The word "that" marks the lines you need; copy each of them from the data.

╭──

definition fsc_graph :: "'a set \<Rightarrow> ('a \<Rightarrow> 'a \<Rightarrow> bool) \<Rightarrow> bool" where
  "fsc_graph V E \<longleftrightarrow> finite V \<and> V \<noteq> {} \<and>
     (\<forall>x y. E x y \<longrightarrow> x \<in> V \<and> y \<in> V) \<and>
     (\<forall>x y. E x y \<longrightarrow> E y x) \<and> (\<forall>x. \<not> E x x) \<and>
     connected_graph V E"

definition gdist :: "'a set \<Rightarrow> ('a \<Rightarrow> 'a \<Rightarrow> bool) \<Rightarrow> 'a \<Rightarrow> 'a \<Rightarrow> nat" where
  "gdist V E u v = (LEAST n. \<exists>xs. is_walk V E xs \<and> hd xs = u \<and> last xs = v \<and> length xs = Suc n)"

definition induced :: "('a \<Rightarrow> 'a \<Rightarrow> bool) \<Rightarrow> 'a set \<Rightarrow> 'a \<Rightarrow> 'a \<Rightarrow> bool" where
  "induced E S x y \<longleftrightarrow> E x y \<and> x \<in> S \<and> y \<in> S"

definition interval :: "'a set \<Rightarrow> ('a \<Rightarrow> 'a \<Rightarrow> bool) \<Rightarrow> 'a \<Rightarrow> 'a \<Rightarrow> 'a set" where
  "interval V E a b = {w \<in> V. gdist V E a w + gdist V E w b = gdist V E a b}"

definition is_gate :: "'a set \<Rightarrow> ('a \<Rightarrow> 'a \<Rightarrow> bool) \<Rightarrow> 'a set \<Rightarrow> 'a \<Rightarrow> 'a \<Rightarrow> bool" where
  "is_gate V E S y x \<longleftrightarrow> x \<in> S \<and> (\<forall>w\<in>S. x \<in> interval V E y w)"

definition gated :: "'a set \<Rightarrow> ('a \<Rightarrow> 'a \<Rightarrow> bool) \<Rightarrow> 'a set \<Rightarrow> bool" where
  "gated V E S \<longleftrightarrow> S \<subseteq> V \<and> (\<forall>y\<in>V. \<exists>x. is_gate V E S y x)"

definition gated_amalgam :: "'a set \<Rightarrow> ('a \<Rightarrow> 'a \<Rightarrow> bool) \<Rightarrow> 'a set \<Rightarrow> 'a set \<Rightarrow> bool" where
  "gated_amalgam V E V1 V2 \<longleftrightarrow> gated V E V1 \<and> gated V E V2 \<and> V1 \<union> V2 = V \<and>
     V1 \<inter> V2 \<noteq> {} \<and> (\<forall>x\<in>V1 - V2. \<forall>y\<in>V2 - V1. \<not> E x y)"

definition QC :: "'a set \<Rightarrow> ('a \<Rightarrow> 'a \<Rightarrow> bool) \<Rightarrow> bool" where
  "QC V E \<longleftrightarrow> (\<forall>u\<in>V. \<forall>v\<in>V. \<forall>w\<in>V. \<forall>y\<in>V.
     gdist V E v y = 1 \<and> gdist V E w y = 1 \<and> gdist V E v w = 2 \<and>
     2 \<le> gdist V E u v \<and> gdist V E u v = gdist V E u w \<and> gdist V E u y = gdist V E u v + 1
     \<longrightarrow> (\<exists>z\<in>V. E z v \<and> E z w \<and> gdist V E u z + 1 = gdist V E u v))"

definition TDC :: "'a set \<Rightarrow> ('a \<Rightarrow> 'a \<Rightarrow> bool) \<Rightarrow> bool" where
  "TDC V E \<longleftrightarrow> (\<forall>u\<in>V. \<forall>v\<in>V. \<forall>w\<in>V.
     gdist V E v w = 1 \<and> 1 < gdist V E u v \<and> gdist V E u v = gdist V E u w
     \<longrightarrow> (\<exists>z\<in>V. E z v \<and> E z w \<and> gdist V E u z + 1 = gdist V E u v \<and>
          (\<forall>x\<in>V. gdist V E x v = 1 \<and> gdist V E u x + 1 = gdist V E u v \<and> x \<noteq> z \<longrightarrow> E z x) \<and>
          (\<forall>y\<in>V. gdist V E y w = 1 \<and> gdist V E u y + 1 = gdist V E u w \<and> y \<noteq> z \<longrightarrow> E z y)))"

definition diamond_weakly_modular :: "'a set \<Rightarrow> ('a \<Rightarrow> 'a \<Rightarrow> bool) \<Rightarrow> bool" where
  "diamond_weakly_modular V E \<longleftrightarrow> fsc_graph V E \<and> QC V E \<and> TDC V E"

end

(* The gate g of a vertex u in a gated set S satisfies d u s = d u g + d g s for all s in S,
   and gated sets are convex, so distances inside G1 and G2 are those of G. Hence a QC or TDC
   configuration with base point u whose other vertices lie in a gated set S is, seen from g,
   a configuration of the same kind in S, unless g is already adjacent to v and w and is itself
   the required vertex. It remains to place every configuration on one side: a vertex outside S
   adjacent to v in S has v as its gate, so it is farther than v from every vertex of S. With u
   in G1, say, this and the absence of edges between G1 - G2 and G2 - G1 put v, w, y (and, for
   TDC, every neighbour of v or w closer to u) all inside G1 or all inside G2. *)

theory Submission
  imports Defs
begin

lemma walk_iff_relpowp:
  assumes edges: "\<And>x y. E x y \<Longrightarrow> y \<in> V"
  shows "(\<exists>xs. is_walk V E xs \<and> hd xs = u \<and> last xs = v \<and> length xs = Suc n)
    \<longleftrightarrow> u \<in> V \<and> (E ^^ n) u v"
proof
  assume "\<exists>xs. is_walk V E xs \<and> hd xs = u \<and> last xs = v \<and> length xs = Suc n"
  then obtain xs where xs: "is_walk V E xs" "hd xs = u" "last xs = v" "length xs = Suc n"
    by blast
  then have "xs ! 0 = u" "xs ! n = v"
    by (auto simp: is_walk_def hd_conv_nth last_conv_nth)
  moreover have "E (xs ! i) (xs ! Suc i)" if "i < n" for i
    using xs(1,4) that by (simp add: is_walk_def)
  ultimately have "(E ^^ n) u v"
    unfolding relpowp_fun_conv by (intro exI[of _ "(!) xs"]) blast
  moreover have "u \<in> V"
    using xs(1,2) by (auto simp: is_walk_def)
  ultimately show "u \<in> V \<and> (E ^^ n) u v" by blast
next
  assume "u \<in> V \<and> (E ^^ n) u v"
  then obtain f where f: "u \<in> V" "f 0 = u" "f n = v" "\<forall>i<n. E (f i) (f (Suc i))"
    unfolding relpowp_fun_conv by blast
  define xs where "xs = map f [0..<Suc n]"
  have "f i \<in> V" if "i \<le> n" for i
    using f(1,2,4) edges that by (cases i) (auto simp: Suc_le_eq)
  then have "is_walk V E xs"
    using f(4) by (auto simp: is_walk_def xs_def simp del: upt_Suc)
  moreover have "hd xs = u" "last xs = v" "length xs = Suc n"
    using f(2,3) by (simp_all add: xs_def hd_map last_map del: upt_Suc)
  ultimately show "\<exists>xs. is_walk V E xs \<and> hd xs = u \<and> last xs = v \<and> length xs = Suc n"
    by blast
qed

╰──

#### SOLUTION TO THIS PROBLEM:
    using xs(1,4) that by (simp add: is_walk_def)
    using f(1,2,4) edges that by (cases i) (auto simp: Suc_le_eq)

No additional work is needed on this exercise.